*What is required*. Where the records below reach the line containing "Context: $\Sigma_f$ is", start transcribing, and end with the line containing "(Neg (Neg x))", exactly and with nothing else added.

*Data to use*.
(* For every term $t$ over $\Sigma_{md,\bot}(X)$ there exist terms $r_1,r_2$ over $\Sigma_f(X)$ such that $t=r_1\cdot r_2^{-1}$ is derivable in equational logic from $\mathsf{Md}_\bot$ and $\mathsf{VAR}(t)=\mathsf{VAR}(r_1)\cup\mathsf{VAR}(r_2)$.
   Context: $\Sigma_f$ is the signature with one sort, constants $0,1$, binary operations $+,\cdot$ and unary operation $-$; $\Sigma_{md,\bot}$ extends it with a constant $\bot$ and a unary operation $(\,\cdot\,)^{-1}$. For a signature $\Sigma$, $\Sigma(X)$ denotes terms over $\Sigma$ with variables from the set $X$, and $\mathsf{VAR}(t)$ is the set of variables occurring in $t$. $\mathsf{Md}_\bot$ is the set of equations (variables universally quantified): $(x+y)+z=x+(y+z)$; $x+y=y+x$; $x+0=x$; $x+(-x)=0\cdot x$; $(x\cdot y)\cdot z=x\cdot(y\cdot z)$; $x\cdot y=y\cdot x$; $1\cdot x=x$; $x\cdot(y+z)=x\cdot y+x\cdot z$; $-(-x)=x$; $0\cdot(x\cdot x)=0\cdot x$; $(x^{-1})^{-1}=x+0\cdot x^{-1}$; $x\cdot x^{-1}=1+0\cdot x^{-1}$; $(x\cdot y)^{-1}=x^{-1}\cdot y^{-1}$; $1^{-1}=1$; $0^{-1}=\bot$; $x+\bot=\bot$; $x\cdot\bot=\bot$. *)

theory Defs
  imports Main
begin

datatype 'x trm =
    Var 'x
  | Zero
  | One
  | Plus "'x trm" "'x trm"
  | Times "'x trm" "'x trm"
  | Neg "'x trm"
  | Bot
  | Inv "'x trm"

fun is_field_term :: "'x trm \<Rightarrow> bool" where
  "is_field_term (Var x) = True"
| "is_field_term Zero = True"
| "is_field_term One = True"
| "is_field_term (Plus a b) = (is_field_term a \<and> is_field_term b)"
| "is_field_term (Times a b) = (is_field_term a \<and> is_field_term b)"
| "is_field_term (Neg a) = is_field_term a"
| "is_field_term Bot = False"
| "is_field_term (Inv a) = False"

fun vars :: "'x trm \<Rightarrow> 'x set" where
  "vars (Var x) = {x}"
| "vars Zero = {}"
| "vars One = {}"
| "vars (Plus a b) = vars a \<union> vars b"
| "vars (Times a b) = vars a \<union> vars b"
| "vars (Neg a) = vars a"
| "vars Bot = {}"
| "vars (Inv a) = vars a"

text \<open>Substitution instances of the equations of Md_bot (the axiom schemes are
  stated for arbitrary terms x y z, which is the same as closing under substitution).\<close>
inductive md_axiom :: "'x trm \<Rightarrow> 'x trm \<Rightarrow> bool" where
  "md_axiom (Plus (Plus x y) z) (Plus x (Plus y z))"
| "md_axiom (Plus x y) (Plus y x)"
| "md_axiom (Plus x Zero) x"
| "md_axiom (Plus x (Neg x)) (Times Zero x)"
| "md_axiom (Times (Times x y) z) (Times x (Times y z))"
| "md_axiom (Times x y) (Times y x)"
| "md_axiom (Times One x) x"
| "md_axiom (Times x (Plus y z)) (Plus (Times x y) (Times x z))"
| "md_axiom (Neg (Neg x)) x"
| "md_axiom (Times Zero (Times x x)) (Times Zero x)"
| "md_axiom (Inv (Inv x)) (Plus x (Times Zero (Inv x)))"
| "md_axiom (Times x (Inv x)) (Plus One (Times Zero (Inv x)))"
| "md_axiom (Inv (Times x y)) (Times (Inv x) (Inv y))"
| "md_axiom (Inv One) One"
| "md_axiom (Inv Zero) Bot"
| "md_axiom (Plus x Bot) Bot"
| "md_axiom (Times x Bot) Bot"

inductive md_eq :: "'x trm \<Rightarrow> 'x trm \<Rightarrow> bool" where
  ax: "md_axiom s t \<Longrightarrow> md_eq s t"
| refl: "md_eq t t"
| sym: "md_eq s t \<Longrightarrow> md_eq t s"
| trans: "md_eq s t \<Longrightarrow> md_eq t u \<Longrightarrow> md_eq s u"
| cong_plus: "md_eq s1 t1 \<Longrightarrow> md_eq s2 t2 \<Longrightarrow> md_eq (Plus s1 s2) (Plus t1 t2)"
| cong_times: "md_eq s1 t1 \<Longrightarrow> md_eq s2 t2 \<Longrightarrow> md_eq (Times s1 s2) (Times t1 t2)"
| cong_neg: "md_eq s t \<Longrightarrow> md_eq (Neg s) (Neg t)"
| cong_inv: "md_eq s t \<Longrightarrow> md_eq (Inv s) (Inv t)"

end

theory Submission
  imports Defs
begin

text \<open>Every term is brought recursively into the form p \<cdot> q^-1 with inverse-free p, q:
  sums, products, negations and inverses of such fractions are again such fractions (with
  denominator q s for a sum, and q^2 / (p q) for an inverse), and \<bottom> = 1 \<cdot> 0^-1.
  The delicate point is that Md_bot gives x \<cdot> x^-1 = 1 + 0 \<cdot> x^-1 rather than 1, so
  the error terms 0 \<cdot> x must be shown to be absorbed, via 0 (x y) = 0 x + 0 y and
  x y + 0 y = x y. These laws are derived in an arbitrary model of Md_bot (a common meadow)
  and then used in the free one, the term algebra modulo derivability.\<close>

class common_meadow = comm_monoid_add + comm_monoid_mult + comm_semiring + uminus +
  fixes meadow_inv :: "'a \<Rightarrow> 'a"
    and meadow_bot :: 'a
  assumes add_neg_self: "a + - a = 0 * a"
    and neg_neg: "- (- a) = a"
    and zero_mult_square: "0 * (a * a) = 0 * a"
    and meadow_inv_inv: "meadow_inv (meadow_inv a) = a + 0 * meadow_inv a"
    and mult_meadow_inv: "a * meadow_inv a = 1 + 0 * meadow_inv a"
    and meadow_inv_mult: "meadow_inv (a * b) = meadow_inv a * meadow_inv b"
    and meadow_inv_one: "meadow_inv 1 = 1"
    and meadow_inv_zero: "meadow_inv 0 = meadow_bot"
    and add_meadow_bot: "a + meadow_bot = meadow_bot"
    and mult_meadow_bot: "a * meadow_bot = meadow_bot"
begin

lemma add_zero_mult_self: "a + 0 * a = a"
  using distrib_right [of 1 0 a] by simp

lemma zero_mult_add_idem: "0 * a + 0 * a = 0 * a"
  using distrib_right [of 0 0 a] by simp

lemma zero_mult_neg: "0 * (- a) = 0 * a"
proof -
  have "0 * (- a) = - a + - (- a)" by (rule add_neg_self [symmetric])
  also have "\<dots> = a + - a" by (simp add: neg_neg add.commute)
  finally show ?thesis by (simp add: add_neg_self)
qed

lemma zero_mult_zero: "0 * 0 = 0"
proof -
  have "0 * (- 1) = 0"
    using add_neg_self [of 1] add_neg_self [of "- 1"] by (simp add: neg_neg add.commute)
  then show ?thesis
    using add_neg_self [of 1] distrib_left [of 0 1 "- 1"] by simp
qed

lemma neg_mult_left: "(- a) * b = - (a * b)"
proof -
  have "(- a) * b = (- a + 0 * a) * b"
    using add_zero_mult_self [of "- a"] by (simp add: zero_mult_neg)
  also have "\<dots> = (- a) * b + (a * b + - (a * b))"
    by (simp add: distrib_right mult.assoc add_neg_self)
  also have "\<dots> = (- a + a) * b + - (a * b)"
    by (simp add: distrib_right add.assoc)
  also have "\<dots> = 0 * (a * b) + - (a * b)"
    by (simp add: add_neg_self add.commute mult.assoc)
  also have "\<dots> = - (a * b)"
    using add_zero_mult_self [of "- (a * b)"] by (simp add: zero_mult_neg add.commute)
  finally show ?thesis .
qed

lemma zero_mult_mult: "0 * (a * b) = 0 * a + 0 * b"
proof -
  \<comment> \<open>0 b = 0 (0 b + 1), so 0 a is absorbed by 0 (a b)\<close>
  have absorb: "0 * (a * b) = 0 * (a * b) + 0 * a" for a b
  proof -
    have "0 * (0 * b + 1) = 0 * b"
      by (simp add: distrib_left zero_mult_zero mult.assoc [symmetric])
    then have "0 * (a * b) = 0 * (a * (0 * b + 1))"
      by (metis mult.left_commute)
    also have "\<dots> = 0 * (a * b) + 0 * a"
      by (simp add: distrib_left mult.left_commute zero_mult_zero mult.assoc [symmetric])
    finally show ?thesis .
  qed
  have "0 * a + 0 * b = 0 * (a + b)"
    by (simp add: distrib_left)
  also have "\<dots> = 0 * ((a + b) * (a + b))"
    by (simp add: zero_mult_square)
  also have "\<dots> = 0 * (a * a) + 0 * (b * b) + (0 * (a * b) + 0 * (a * b))"
    by (simp add: distrib_left distrib_right ac_simps)
  also have "\<dots> = 0 * a + 0 * b + 0 * (a * b)"
    by (simp only: zero_mult_square zero_mult_add_idem)
  also have "\<dots> = 0 * (a * b)"
    using absorb [of a b] absorb [of b a] by (simp add: ac_simps)
  finally show ?thesis ..
qed

lemma mult_add_zero_mult_right: "a * b + 0 * b = a * b"
proof -
  have "a * b + 0 * b = (a * b + (0 * a + 0 * b)) + 0 * b"
    by (simp only: zero_mult_mult [symmetric] add_zero_mult_self)
  also have "\<dots> = a * b + (0 * a + 0 * b)"
    by (simp only: add.assoc zero_mult_add_idem)
  also have "\<dots> = a * b"
    by (simp only: zero_mult_mult [symmetric] add_zero_mult_self)
  finally show ?thesis .
qed

lemma fraction_expand:
  "(p * s) * meadow_inv (q * s) = p * meadow_inv q + 0 * meadow_inv s"
proof -
  have "(p * s) * meadow_inv (q * s) = (p * meadow_inv q) * (s * meadow_inv s)"
    by (simp add: meadow_inv_mult ac_simps)
  also have "\<dots> = p * meadow_inv q + 0 * ((p * meadow_inv q) * meadow_inv s)"
    by (simp add: mult_meadow_inv distrib_left ac_simps)
  also have "\<dots> = p * meadow_inv q + 0 * meadow_inv s"
    by (simp only: zero_mult_mult [of "p * meadow_inv q"] add.assoc [symmetric] add_zero_mult_self)
  finally show ?thesis .
qed

lemma fraction_add:
  "p * meadow_inv q + r * meadow_inv s = (p * s + r * q) * meadow_inv (q * s)"
proof -
  have "(p * s + r * q) * meadow_inv (q * s)
      = (p * s) * meadow_inv (q * s) + (r * q) * meadow_inv (s * q)"
    using distrib_right [of "p * s" "r * q" "meadow_inv (q * s)"] mult.commute [of q s]
    by simp
  also have "\<dots> = (p * meadow_inv q + 0 * meadow_inv s) + (r * meadow_inv s + 0 * meadow_inv q)"
    by (simp only: fraction_expand)
  also have "\<dots> = (p * meadow_inv q + 0 * meadow_inv q) + (r * meadow_inv s + 0 * meadow_inv s)"
    by (simp only: ac_simps)
  finally show ?thesis
    by (simp only: mult_add_zero_mult_right)
qed

lemma fraction_mult:
  "(p * meadow_inv q) * (r * meadow_inv s) = (p * r) * meadow_inv (q * s)"
  by (simp add: meadow_inv_mult ac_simps)

lemma fraction_neg: "- (p * meadow_inv q) = (- p) * meadow_inv q"
  by (simp add: neg_mult_left)

lemma fraction_inv: "meadow_inv (p * meadow_inv q) = (q * q) * meadow_inv (p * q)"
proof -
  have "meadow_inv (p * meadow_inv q) = meadow_inv p * q + 0 * (meadow_inv p * meadow_inv q)"
    by (simp add: meadow_inv_mult meadow_inv_inv distrib_left ac_simps)
  also have "\<dots> = (meadow_inv p * q + 0 * q) + 0 * meadow_inv p + 0 * meadow_inv q"
    by (simp only: mult_add_zero_mult_right zero_mult_mult add.assoc)
  also have "\<dots> = q * meadow_inv p + 0 * ((q * meadow_inv p) * meadow_inv q)"
    by (simp only: zero_mult_mult add.assoc mult.commute [of "meadow_inv p" q])
  also have "\<dots> = (q * meadow_inv p) * (q * meadow_inv q)"
    by (simp only: mult_meadow_inv distrib_left mult_1_right mult.left_commute [of "q * meadow_inv p" 0])
  also have "\<dots> = (q * q) * meadow_inv (p * q)"
    by (simp add: meadow_inv_mult ac_simps)
  finally show ?thesis .
qed

lemma fraction_bot: "meadow_bot = 1 * meadow_inv 0"
  by (simp add: meadow_inv_zero)

lemma fraction_self: "a = a * meadow_inv 1"
  by (simp add: meadow_inv_one)

end

lemma equivp_md_eq: "equivp md_eq"
  by (rule equivpI; auto simp: reflp_def symp_def transp_def intro: md_eq.intros)

quotient_type 'x free_meadow = "'x trm" / md_eq
  by (rule equivp_md_eq)

instantiation free_meadow :: (type) common_meadow
begin

lift_definition zero_free_meadow :: "'x free_meadow" is Zero .
lift_definition one_free_meadow :: "'x free_meadow" is One .
lift_definition plus_free_meadow :: "'x free_meadow \<Rightarrow> 'x free_meadow \<Rightarrow> 'x free_meadow"
  is Plus by (rule md_eq.cong_plus)
lift_definition times_free_meadow :: "'x free_meadow \<Rightarrow> 'x free_meadow \<Rightarrow> 'x free_meadow"
  is Times by (rule md_eq.cong_times)
lift_definition uminus_free_meadow :: "'x free_meadow \<Rightarrow> 'x free_meadow"
  is Neg by (rule md_eq.cong_neg)
lift_definition meadow_inv_free_meadow :: "'x free_meadow \<Rightarrow> 'x free_meadow"
  is Inv by (rule md_eq.cong_inv)
lift_definition meadow_bot_free_meadow :: "'x free_meadow" is Bot .

instance
proof
  fix a b c :: "'x free_meadow"
  show "a + b + c = a + (b + c)" "a + b = b + a" "a * b * c = a * (b * c)" "a * b = b * a"
    "1 * a = a" "a + - a = 0 * a" "- (- a) = a" "0 * (a * a) = 0 * a"
    "meadow_inv (meadow_inv a) = a + 0 * meadow_inv a"
    "a * meadow_inv a = 1 + 0 * meadow_inv a"
    "meadow_inv (a * b) = meadow_inv a * meadow_inv b"
    "meadow_inv 1 = (1 :: 'x free_meadow)" "meadow_inv 0 = (meadow_bot :: 'x free_meadow)"
    "a + meadow_bot = meadow_bot" "a * meadow_bot = meadow_bot"
    by (transfer, rule md_eq.ax, rule md_axiom.intros)+
  show "0 + a = a"
    by transfer (rule md_eq.trans [OF md_eq.ax md_eq.ax], (rule md_axiom.intros)+)
  show "(a + b) * c = a * c + b * c"
    by transfer
      (rule md_eq.trans [OF md_eq.ax md_eq.trans [OF md_eq.ax md_eq.cong_plus]],
        (rule md_eq.ax md_axiom.intros)+)
qed

end

lemma abs_free_meadow_simps:
  "abs_free_meadow Zero = 0"
  "abs_free_meadow One = 1"
  "abs_free_meadow (Plus a b) = abs_free_meadow a + abs_free_meadow b"
  "abs_free_meadow (Times a b) = abs_free_meadow a * abs_free_meadow b"
  "abs_free_meadow (Neg a) = - abs_free_meadow a"
  "abs_free_meadow (Inv a) = meadow_inv (abs_free_meadow a)"
  "abs_free_meadow Bot = meadow_bot"
  by (simp_all add: zero_free_meadow_def one_free_meadow_def plus_free_meadow.abs_eq
      times_free_meadow.abs_eq uminus_free_meadow.abs_eq meadow_inv_free_meadow.abs_eq
      meadow_bot_free_meadow_def)

fun numer :: "'x trm \<Rightarrow> 'x trm" and denom :: "'x trm \<Rightarrow> 'x trm" where
  "numer (Var x) = Var x"
| "numer Zero = Zero"
| "numer One = One"
| "numer (Plus a b) = Plus (Times (numer a) (denom b)) (Times (numer b) (denom a))"
| "numer (Times a b) = Times (numer a) (numer b)"
| "numer (Neg a) = Neg (numer a)"
| "numer Bot = One"
| "numer (Inv a) = Times (denom a) (denom a)"
| "denom (Var x) = One"
| "denom Zero = One"
| "denom One = One"
| "denom (Plus a b) = Times (denom a) (denom b)"
| "denom (Times a b) = Times (denom a) (denom b)"
| "denom (Neg a) = denom a"
| "denom Bot = Zero"
| "denom (Inv a) = Times (numer a) (denom a)"

lemma is_field_term_numer_denom: "is_field_term (numer t) \<and> is_field_term (denom t)"
  by (induction t) auto

lemma vars_numer_denom: "vars (numer t) \<union> vars (denom t) = vars t"
  by (induction t) auto

lemma md_eq_numer_denom: "md_eq t (Times (numer t) (Inv (denom t)))"
proof -
  have "abs_free_meadow t = abs_free_meadow (numer t) * meadow_inv (abs_free_meadow (denom t))"
    by (induction t)
      (simp_all add: abs_free_meadow_simps fraction_add fraction_mult fraction_neg
        fraction_inv fraction_bot fraction_self [symmetric])
  then show ?thesis
    by (simp add: free_meadow.abs_eq_iff [symmetric] abs_free_meadow_simps)
qed

theorem proposition2p3:
  fixes t :: "'x trm"
  shows "\<exists>r1 r2. is_field_term r1 \<and> is_field_term r2 \<and>
           md_eq t (Times r1 (Inv r2)) \<and> vars t = vars r1 \<union> vars r2"
  using is_field_term_numer_denom md_eq_numer_denom vars_numer_denom by metis

end
definition semiprime :: "('f \<Rightarrow> nat) \<Rightarrow> ('a, 'f) alg \<Rightarrow> bool" where
  "semiprime ar A \<longleftrightarrow> rad ar A (Delta A) = Delta A"

definition Ann :: "('f \<Rightarrow> nat) \<Rightarrow> ('a, 'f) alg \<Rightarrow> ('a \<times> 'a) set set \<Rightarrow> ('a \<times> 'a) set set" where
  "Ann ar A \<Omega> = {\<zeta> \<in> Con ar A. \<forall>\<omega>\<in>\<Omega>. \<zeta> \<inter> \<omega> = Delta A}"

end

theory Submission
  imports Defs
begin

text \<open>Let \<open>\<theta>\<close> be the congruence generated by \<open>\<Union>\<Omega>\<close>. If \<open>\<zeta>\<close> annihilates every
\<open>\<omega> \<in> \<Omega>\<close>, then \<open>[\<zeta>,\<omega>] \<subseteq> \<zeta> \<inter> \<omega> = \<Delta>\<close>, so every prime congruence contains \<open>\<zeta>\<close>
or all of \<open>\<Omega>\<close>, hence \<open>\<zeta>\<close> or \<open>\<theta>\<close>. Thus \<open>\<zeta> \<inter> \<theta> \<subseteq> \<rho>(\<Delta>) = \<Delta>\<close> by semiprimeness, and
\<open>Ann(\<Omega>) = Ann(\<theta>)\<close>.\<close>

lemma Con_subset_carrier: "\<theta> \<in> Con ar A \<Longrightarrow> \<theta> \<subseteq> carrier A \<times> carrier A"
  by (simp add: Con_def is_cong_def)

lemma Con_equiv: "\<theta> \<in> Con ar A \<Longrightarrow> equiv (carrier A) \<theta>"
  by (simp add: Con_def is_cong_def)

lemma Delta_subset_Con: "\<theta> \<in> Con ar A \<Longrightarrow> Delta A \<subseteq> \<theta>"
  unfolding Delta_def Con_def is_cong_def equiv_def refl_on_def by auto

lemma teval_cong:
  assumes "\<theta> \<in> Con ar A" and "wf_trm ar t" and "\<forall>v. (\<rho> v, \<sigma> v) \<in> \<theta>"
  shows "(teval A \<rho> t, teval A \<sigma> t) \<in> \<theta>"
  using assms(2)
proof (induction t)
  case (Var v)
  then show ?case using assms(3) by simp
next
  case (App f ts)
  have "list_all2 (\<lambda>x y. (x, y) \<in> \<theta>) (map (teval A \<rho>) ts) (map (teval A \<sigma>) ts)"
    using App by (auto simp: list_all_iff intro!: list_all2_all_nthI)
  then show ?case using App.prems assms(1) by (simp add: Con_def is_cong_def)
qed
text \<open>
  Writing \<open>A = C\<^sup>-\<^sup>1\<close>, the gradient of \<open>H\<^sub>\<tau>\<close> vanishes at \<open>z\<close> iff
  \<open>(A (w - z))\<^sub>j = z\<^sub>j / (\<tau> (\<mu>\<^sup>2 - z\<^sub>j\<^sup>2))\<close> for all \<open>j\<close>.
  Taking imaginary parts, \<open>y = Im z\<close> satisfies
  \<open>y\<^sub>j (A y)\<^sub>j = - y\<^sub>j Im (z\<^sub>j / (\<mu>\<^sup>2 - z\<^sub>j\<^sup>2)) / \<tau> \<le> 0\<close>, because
  \<open>Im (z / (\<mu>\<^sup>2 - z\<^sup>2))\<close> has the sign of \<open>Im z\<close>; as \<open>A\<close> is positive definite, \<open>y = 0\<close>.
  So every saddle point is real, and for two real ones \<open>u, v\<close> the same computation with the
  increasing map \<open>x \<mapsto> x / (\<mu>\<^sup>2 - x\<^sup>2)\<close> on \<open>(-\<mu>, \<mu>)\<close> gives \<open>(u - v) \<bullet> A (u - v) \<le> 0\<close>,
  hence \<open>u = v\<close>. For existence, \<open>H\<^sub>\<tau>\<close> restricted to the real box \<open>(-\<mu>, \<mu>)\<^sup>p\<close> is
  continuous and blows up at the boundary because of the logarithmic barrier, so it attains
  a minimum, which is a critical point.
\<close>

lemma pos_def_mat_invertible:
  fixes C :: "real^'n^'n"
  assumes "pos_def_mat C"
  shows "invertible C"
proof -
  have "\<forall>x. C *v x = 0 \<longrightarrow> x = 0"
    using assms unfolding pos_def_mat_def by (metis inner_zero_right less_irrefl)
  then show ?thesis
    using matrix_left_invertible_ker invertible_left_inverse by blast
qed

lemma matrix_mul_matrix_inv:
  fixes C :: "'a::semiring_1^'n^'n"
  assumes "invertible C"
  shows "C ** matrix_inv C = mat 1"
proof -
  have "\<exists>A'. C ** A' = mat 1 \<and> A' ** C = mat 1"
    using assms unfolding invertible_def by blast
  from someI_ex[OF this] show ?thesis
    unfolding matrix_inv_def by blast
qed

lemma pos_def_mat_matrix_inv:
  fixes C :: "real^'n^'n"
  assumes "pos_def_mat C"
  shows "pos_def_mat (matrix_inv C)"
  unfolding pos_def_mat_def
proof safe
  let ?A = "matrix_inv C"
  have inv: "invertible C" using assms by (rule pos_def_mat_invertible)
  have sym: "transpose C = C" using assms unfolding pos_def_mat_def by blast
  have "transpose ?A ** C = mat 1"
    by (metis matrix_mul_matrix_inv[OF inv] matrix_transpose_mul sym transpose_mat)
  then show "transpose ?A = ?A"
    by (metis matrix_mul_matrix_inv[OF inv] matrix_mul_assoc matrix_mul_lid matrix_mul_rid)
  fix y :: "real^'n"
  assume "y \<noteq> 0"
  define x where "x = ?A *v y"
  have Cx: "C *v x = y"
    unfolding x_def by (simp add: matrix_vector_mul_assoc matrix_mul_matrix_inv[OF inv])
  moreover have "x \<noteq> 0" using Cx \<open>y \<noteq> 0\<close> by auto
  ultimately have "x \<bullet> (C *v x) > 0"
    using assms unfolding pos_def_mat_def by blast
  then show "y \<bullet> (?A *v y) > 0"
    using Cx by (simp add: x_def inner_commute)
qed

lemma pos_def_mat_nonneg:
  assumes "pos_def_mat A"
  shows "x \<bullet> (A *v x) \<ge> 0"
  using assms unfolding pos_def_mat_def by (cases "x = 0") (auto intro: less_imp_le)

*Solution to this problem*.
   Context: $\Sigma_f$ is the signature with one sort, constants $0,1$, binary operations $+,\cdot$ and unary operation $-$; $\Sigma_{md,\bot}$ extends it with a constant $\bot$ and a unary operation $(\,\cdot\,)^{-1}$. For a signature $\Sigma$, $\Sigma(X)$ denotes terms over $\Sigma$ with variables from the set $X$, and $\mathsf{VAR}(t)$ is the set of variables occurring in $t$. $\mathsf{Md}_\bot$ is the set of equations (variables universally quantified): $(x+y)+z=x+(y+z)$; $x+y=y+x$; $x+0=x$; $x+(-x)=0\cdot x$; $(x\cdot y)\cdot z=x\cdot(y\cdot z)$; $x\cdot y=y\cdot x$; $1\cdot x=x$; $x\cdot(y+z)=x\cdot y+x\cdot z$; $-(-x)=x$; $0\cdot(x\cdot x)=0\cdot x$; $(x^{-1})^{-1}=x+0\cdot x^{-1}$; $x\cdot x^{-1}=1+0\cdot x^{-1}$; $(x\cdot y)^{-1}=x^{-1}\cdot y^{-1}$; $1^{-1}=1$; $0^{-1}=\bot$; $x+\bot=\bot$; $x\cdot\bot=\bot$. *)

theory Defs
  imports Main
begin

datatype 'x trm =
    Var 'x
  | Zero
  | One
  | Plus "'x trm" "'x trm"
  | Times "'x trm" "'x trm"
  | Neg "'x trm"
  | Bot
  | Inv "'x trm"

fun is_field_term :: "'x trm \<Rightarrow> bool" where
  "is_field_term (Var x) = True"
| "is_field_term Zero = True"
| "is_field_term One = True"
| "is_field_term (Plus a b) = (is_field_term a \<and> is_field_term b)"
| "is_field_term (Times a b) = (is_field_term a \<and> is_field_term b)"
| "is_field_term (Neg a) = is_field_term a"
| "is_field_term Bot = False"
| "is_field_term (Inv a) = False"

fun vars :: "'x trm \<Rightarrow> 'x set" where
  "vars (Var x) = {x}"
| "vars Zero = {}"
| "vars One = {}"
| "vars (Plus a b) = vars a \<union> vars b"
| "vars (Times a b) = vars a \<union> vars b"
| "vars (Neg a) = vars a"
| "vars Bot = {}"
| "vars (Inv a) = vars a"

text \<open>Substitution instances of the equations of Md_bot (the axiom schemes are
  stated for arbitrary terms x y z, which is the same as closing under substitution).\<close>
inductive md_axiom :: "'x trm \<Rightarrow> 'x trm \<Rightarrow> bool" where
  "md_axiom (Plus (Plus x y) z) (Plus x (Plus y z))"
| "md_axiom (Plus x y) (Plus y x)"
| "md_axiom (Plus x Zero) x"
| "md_axiom (Plus x (Neg x)) (Times Zero x)"
| "md_axiom (Times (Times x y) z) (Times x (Times y z))"
| "md_axiom (Times x y) (Times y x)"
| "md_axiom (Times One x) x"
| "md_axiom (Times x (Plus y z)) (Plus (Times x y) (Times x z))"
| "md_axiom (Neg (Neg x)) x"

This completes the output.